▶ **Exercise brief**:
All of the data below should be written out again exactly.

Stored data
--

(* The VC-density of the edge relation on the class $\mathcal J$ of all Johnson graphs is $2$.
   Context: For $m\ge k$ and a set $X$ with $|X|=m$, the Johnson graph $J(m,k)$ has as vertices the $k$-element subsets of $X$, two vertices adjacent iff their intersection has size $k-1$; $\mathcal J=\{J(m,k)\mid k,m\in\mathbb N, k\le m\}$. For a graph $G$, the edge relation set system is $(V(G),\mathcal S_G)$ with $\mathcal S_G=\{N(v)\mid v\in V(G)\}$ ($N(v)$ the set of neighbours of $v$). Its shatter function is $\pi_G(n)=\max\{|\{S\cap A\mid S\in\mathcal S_G\}| : A\subseteq V(G), |A|=n\}$. For a class $\mathcal C$ of graphs, $\pi_{\mathcal C}(n)=\max\{\pi_G(n)\mid G\in\mathcal C\}$, the VC-dimension of the edge relation on $\mathcal C$ is the supremum over $G\in\mathcal C$ of the largest size of a set $A$ with $\{A\cap S\mid S\in\mathcal S_G\}=\mathcal P(A)$, and the VC-density of the edge relation on $\mathcal C$ is $\inf\{r\in\mathbb R^+ : \pi_{\mathcal C}(n)\in\mathcal O(n^r)\}$ if that VC-dimension is finite, and $\infty$ otherwise. *)

theory Defs
  imports Complex_Main "HOL-Library.Landau_Symbols" "HOL-Library.Extended_Real"
begin

type_synonym 'a graph = "'a set \<times> ('a \<Rightarrow> 'a \<Rightarrow> bool)"

definition verts :: "'a graph \<Rightarrow> 'a set" where
  "verts G = fst G"

definition adj :: "'a graph \<Rightarrow> 'a \<Rightarrow> 'a \<Rightarrow> bool" where
  "adj G = snd G"

definition nbhd :: "'a graph \<Rightarrow> 'a \<Rightarrow> 'a set" where
  "nbhd G v = {u \<in> verts G. adj G v u}"

definition edge_sets :: "'a graph \<Rightarrow> 'a set set" where
  "edge_sets G = nbhd G ` verts G"

definition traces :: "'a graph \<Rightarrow> 'a set \<Rightarrow> 'a set set" where
  "traces G A = (\<lambda>S. S \<inter> A) ` edge_sets G"
lemma letter_block:
  assumes k: "4 \<le> k" and i: "1 \<le> i" "i \<le> k - 3" and s: "s < 5*k - 4"
  shows "letter k (blk_start k i + s) = blk_letter k i s"
proof -
  let ?M = "5*k - 4"
  have "blk_start k (Suc i) \<le> blk_start k (k - 2)" using i by (intro blk_start_mono) simp
  then have inside: "blk_start k i + s < blk_start k (k - 2)" using blk_start_Suc[OF i(1)] s by simp
  have "blk_start k i + s - 2*k = (i - 1) * ?M + s" by (simp add: blk_start_def)
  moreover have "((i - 1) * ?M + s) div ?M = i - 1" "((i - 1) * ?M + s) mod ?M = s" using s by simp_all
  ultimately show ?thesis using inside i k by (simp add: letter_def blk_start_def)
qed

lemma letter_end: "0 < k \<Longrightarrow> letter k (blk_start k (k - 2)) = a"
  by (simp add: letter_def blk_start_def)

lemma block_letters:
  assumes k: "4 \<le> k" and i: "1 \<le> i" "i \<le> k - 3"
  shows "s < k + i \<Longrightarrow> letter k (blk_start k i + s) = a"
    and "k + i \<le> s \<Longrightarrow> s < 3*k - 3 \<Longrightarrow> letter k (blk_start k i + s) = b"
    and "3*k - 3 \<le> s \<Longrightarrow> s < 4*k - 3 \<Longrightarrow> letter k (blk_start k i + s) = a"
    and "4*k - 3 \<le> s \<Longrightarrow> s < 5*k - 4 \<Longrightarrow> letter k (blk_start k i + s) = b"
    and "i < k - 3 \<Longrightarrow> s < k + i + 1 \<Longrightarrow> letter k (blk_start k i + (5*k - 4 + s)) = a"
    and "letter k (blk_start k i + (5*k - 4)) = a"
proof -
  have runs: "letter k (blk_start k i + s) = blk_letter k i s" if "s < 5*k - 4" for s
    using letter_block[OF k i that] .
  show "s < k + i \<Longrightarrow> letter k (blk_start k i + s) = a"
    and "k + i \<le> s \<Longrightarrow> s < 3*k - 3 \<Longrightarrow> letter k (blk_start k i + s) = b"
    and "3*k - 3 \<le> s \<Longrightarrow> s < 4*k - 3 \<Longrightarrow> letter k (blk_start k i + s) = a"
    and "4*k - 3 \<le> s \<Longrightarrow> s < 5*k - 4 \<Longrightarrow> letter k (blk_start k i + s) = b"
    using runs i by (simp_all add: blk_letter_def)
  show "i < k - 3 \<Longrightarrow> s < k + i + 1 \<Longrightarrow> letter k (blk_start k i + (5*k - 4 + s)) = a"
    using letter_block[OF k _ _, of "Suc i" s] blk_start_Suc[OF i(1)]
    by (simp add: blk_letter_def add.assoc)
  show "letter k (blk_start k i + (5*k - 4)) = a"
  proof (cases "i = k - 3")
    case True
    then have "blk_start k i + (5*k - 4) = blk_start k (k - 2)"
      using blk_start_Suc[OF i(1)] k by (simp add: numeral_eq_Suc Suc_diff_Suc)
    then show ?thesis using letter_end k by simp
  next
    case False
    then show ?thesis
      using letter_block[OF k _ _, of "Suc i" 0] blk_start_Suc[OF i(1)] i k
      by (simp add: blk_letter_def)
  qed
qed
lemma LL_eq_relational_model:
  assumes "{} \<notin> Fa"
  shows "LL k Fa = relational_model (cells0 k) (rowsA1 k Fa) matA0"
proof (intro equalityI subsetI)
  fix p assume "p \<in> LL k Fa"
  then obtain \<beta> where "pos_dist (cells0 k) p" "\<forall>V\<in>Fa. \<beta> V = 0"
    and "\<forall>i\<in>cells0 k. ln (p i) = (\<Sum>V\<in>Pow i. \<beta> V)"
    by (auto simp: LL_def)
  then show "p \<in> relational_model (cells0 k) (rowsA1 k Fa) matA0"
    unfolding relational_model_def
    by (auto intro!: exI[of _ "case_option (\<beta> {}) \<beta>"] simp: cells0_def sum_Pow_eq_sum_rowsA1)
next
  fix p assume "p \<in> relational_model (cells0 k) (rowsA1 k Fa) matA0"
  then obtain b where p: "pos_dist (cells0 k) p"
    and log_linear: "\<forall>i\<in>cells0 k. ln (p i) = (\<Sum>r\<in>rowsA1 k Fa. matA0 r i * b r)"
    by (auto simp: relational_model_def)
  define \<gamma> where "\<gamma> V = (if V \<in> Fa then 0 else if V = {} then b None else b (Some V))" for V
  have "case_option (\<gamma> {}) \<gamma> r = b r" if "r \<in> rowsA1 k Fa" for r
    using that assms by (auto simp: \<gamma>_def rowsA1_def dest: Fdes_memD)
  then have "(\<Sum>r\<in>rowsA1 k Fa. matA0 r i * b r) = (\<Sum>V\<in>Pow i. \<gamma> V)" if "i \<in> cells0 k" for i
    using that by (subst sum_Pow_eq_sum_rowsA1[where Fa = Fa]) (auto simp: \<gamma>_def cells0_def)
  with p log_linear show "p \<in> LL k Fa"
    unfolding LL_def by (auto intro!: exI[of _ \<gamma>] simp: \<gamma>_def)
qed

lemma QLL_eq_normalize_on: "QLL k Fa = {normalize_on (cells k) p | p. p \<in> LL k Fa}"
  by (auto simp: QLL_def normalize_on_def fun_eq_iff)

--

▶ **Finished task**:
(* The VC-density of the edge relation on the class $\mathcal J$ of all Johnson graphs is $2$.
   Context: For $m\ge k$ and a set $X$ with $|X|=m$, the Johnson graph $J(m,k)$ has as vertices the $k$-element subsets of $X$, two vertices adjacent iff their intersection has size $k-1$; $\mathcal J=\{J(m,k)\mid k,m\in\mathbb N, k\le m\}$. For a graph $G$, the edge relation set system is $(V(G),\mathcal S_G)$ with $\mathcal S_G=\{N(v)\mid v\in V(G)\}$ ($N(v)$ the set of neighbours of $v$). Its shatter function is $\pi_G(n)=\max\{|\{S\cap A\mid S\in\mathcal S_G\}| : A\subseteq V(G), |A|=n\}$. For a class $\mathcal C$ of graphs, $\pi_{\mathcal C}(n)=\max\{\pi_G(n)\mid G\in\mathcal C\}$, the VC-dimension of the edge relation on $\mathcal C$ is the supremum over $G\in\mathcal C$ of the largest size of a set $A$ with $\{A\cap S\mid S\in\mathcal S_G\}=\mathcal P(A)$, and the VC-density of the edge relation on $\mathcal C$ is $\inf\{r\in\mathbb R^+ : \pi_{\mathcal C}(n)\in\mathcal O(n^r)\}$ if that VC-dimension is finite, and $\infty$ otherwise. *)

theory Defs
  imports Complex_Main "HOL-Library.Landau_Symbols" "HOL-Library.Extended_Real"
begin

type_synonym 'a graph = "'a set \<times> ('a \<Rightarrow> 'a \<Rightarrow> bool)"

definition verts :: "'a graph \<Rightarrow> 'a set" where
  "verts G = fst G"

definition adj :: "'a graph \<Rightarrow> 'a \<Rightarrow> 'a \<Rightarrow> bool" where
  "adj G = snd G"

definition nbhd :: "'a graph \<Rightarrow> 'a \<Rightarrow> 'a set" where
  "nbhd G v = {u \<in> verts G. adj G v u}"

definition edge_sets :: "'a graph \<Rightarrow> 'a set set" where
  "edge_sets G = nbhd G ` verts G"

definition traces :: "'a graph \<Rightarrow> 'a set \<Rightarrow> 'a set set" where
  "traces G A = (\<lambda>S. S \<inter> A) ` edge_sets G"
lemma letter_block:
  assumes k: "4 \<le> k" and i: "1 \<le> i" "i \<le> k - 3" and s: "s < 5*k - 4"
  shows "letter k (blk_start k i + s) = blk_letter k i s"
proof -
  let ?M = "5*k - 4"
  have "blk_start k (Suc i) \<le> blk_start k (k - 2)" using i by (intro blk_start_mono) simp
  then have inside: "blk_start k i + s < blk_start k (k - 2)" using blk_start_Suc[OF i(1)] s by simp
  have "blk_start k i + s - 2*k = (i - 1) * ?M + s" by (simp add: blk_start_def)
  moreover have "((i - 1) * ?M + s) div ?M = i - 1" "((i - 1) * ?M + s) mod ?M = s" using s by simp_all
  ultimately show ?thesis using inside i k by (simp add: letter_def blk_start_def)
qed

lemma letter_end: "0 < k \<Longrightarrow> letter k (blk_start k (k - 2)) = a"
  by (simp add: letter_def blk_start_def)

lemma block_letters:
  assumes k: "4 \<le> k" and i: "1 \<le> i" "i \<le> k - 3"
  shows "s < k + i \<Longrightarrow> letter k (blk_start k i + s) = a"
    and "k + i \<le> s \<Longrightarrow> s < 3*k - 3 \<Longrightarrow> letter k (blk_start k i + s) = b"
    and "3*k - 3 \<le> s \<Longrightarrow> s < 4*k - 3 \<Longrightarrow> letter k (blk_start k i + s) = a"
    and "4*k - 3 \<le> s \<Longrightarrow> s < 5*k - 4 \<Longrightarrow> letter k (blk_start k i + s) = b"
    and "i < k - 3 \<Longrightarrow> s < k + i + 1 \<Longrightarrow> letter k (blk_start k i + (5*k - 4 + s)) = a"
    and "letter k (blk_start k i + (5*k - 4)) = a"
proof -
  have runs: "letter k (blk_start k i + s) = blk_letter k i s" if "s < 5*k - 4" for s
    using letter_block[OF k i that] .
  show "s < k + i \<Longrightarrow> letter k (blk_start k i + s) = a"
    and "k + i \<le> s \<Longrightarrow> s < 3*k - 3 \<Longrightarrow> letter k (blk_start k i + s) = b"
    and "3*k - 3 \<le> s \<Longrightarrow> s < 4*k - 3 \<Longrightarrow> letter k (blk_start k i + s) = a"
    and "4*k - 3 \<le> s \<Longrightarrow> s < 5*k - 4 \<Longrightarrow> letter k (blk_start k i + s) = b"
    using runs i by (simp_all add: blk_letter_def)
  show "i < k - 3 \<Longrightarrow> s < k + i + 1 \<Longrightarrow> letter k (blk_start k i + (5*k - 4 + s)) = a"
    using letter_block[OF k _ _, of "Suc i" s] blk_start_Suc[OF i(1)]
    by (simp add: blk_letter_def add.assoc)
  show "letter k (blk_start k i + (5*k - 4)) = a"
  proof (cases "i = k - 3")
    case True
    then have "blk_start k i + (5*k - 4) = blk_start k (k - 2)"
      using blk_start_Suc[OF i(1)] k by (simp add: numeral_eq_Suc Suc_diff_Suc)
    then show ?thesis using letter_end k by simp
  next
    case False
    then show ?thesis
      using letter_block[OF k _ _, of "Suc i" 0] blk_start_Suc[OF i(1)] i k
      by (simp add: blk_letter_def)
  qed
qed
lemma LL_eq_relational_model:
  assumes "{} \<notin> Fa"
  shows "LL k Fa = relational_model (cells0 k) (rowsA1 k Fa) matA0"
proof (intro equalityI subsetI)
  fix p assume "p \<in> LL k Fa"
  then obtain \<beta> where "pos_dist (cells0 k) p" "\<forall>V\<in>Fa. \<beta> V = 0"
    and "\<forall>i\<in>cells0 k. ln (p i) = (\<Sum>V\<in>Pow i. \<beta> V)"
    by (auto simp: LL_def)
  then show "p \<in> relational_model (cells0 k) (rowsA1 k Fa) matA0"
    unfolding relational_model_def
    by (auto intro!: exI[of _ "case_option (\<beta> {}) \<beta>"] simp: cells0_def sum_Pow_eq_sum_rowsA1)
next
  fix p assume "p \<in> relational_model (cells0 k) (rowsA1 k Fa) matA0"
  then obtain b where p: "pos_dist (cells0 k) p"
    and log_linear: "\<forall>i\<in>cells0 k. ln (p i) = (\<Sum>r\<in>rowsA1 k Fa. matA0 r i * b r)"
    by (auto simp: relational_model_def)
  define \<gamma> where "\<gamma> V = (if V \<in> Fa then 0 else if V = {} then b None else b (Some V))" for V
  have "case_option (\<gamma> {}) \<gamma> r = b r" if "r \<in> rowsA1 k Fa" for r
    using that assms by (auto simp: \<gamma>_def rowsA1_def dest: Fdes_memD)
  then have "(\<Sum>r\<in>rowsA1 k Fa. matA0 r i * b r) = (\<Sum>V\<in>Pow i. \<gamma> V)" if "i \<in> cells0 k" for i
    using that by (subst sum_Pow_eq_sum_rowsA1[where Fa = Fa]) (auto simp: \<gamma>_def cells0_def)
  with p log_linear show "p \<in> LL k Fa"
    unfolding LL_def by (auto intro!: exI[of _ \<gamma>] simp: \<gamma>_def)
qed

lemma QLL_eq_normalize_on: "QLL k Fa = {normalize_on (cells k) p | p. p \<in> LL k Fa}"
  by (auto simp: QLL_def normalize_on_def fun_eq_iff)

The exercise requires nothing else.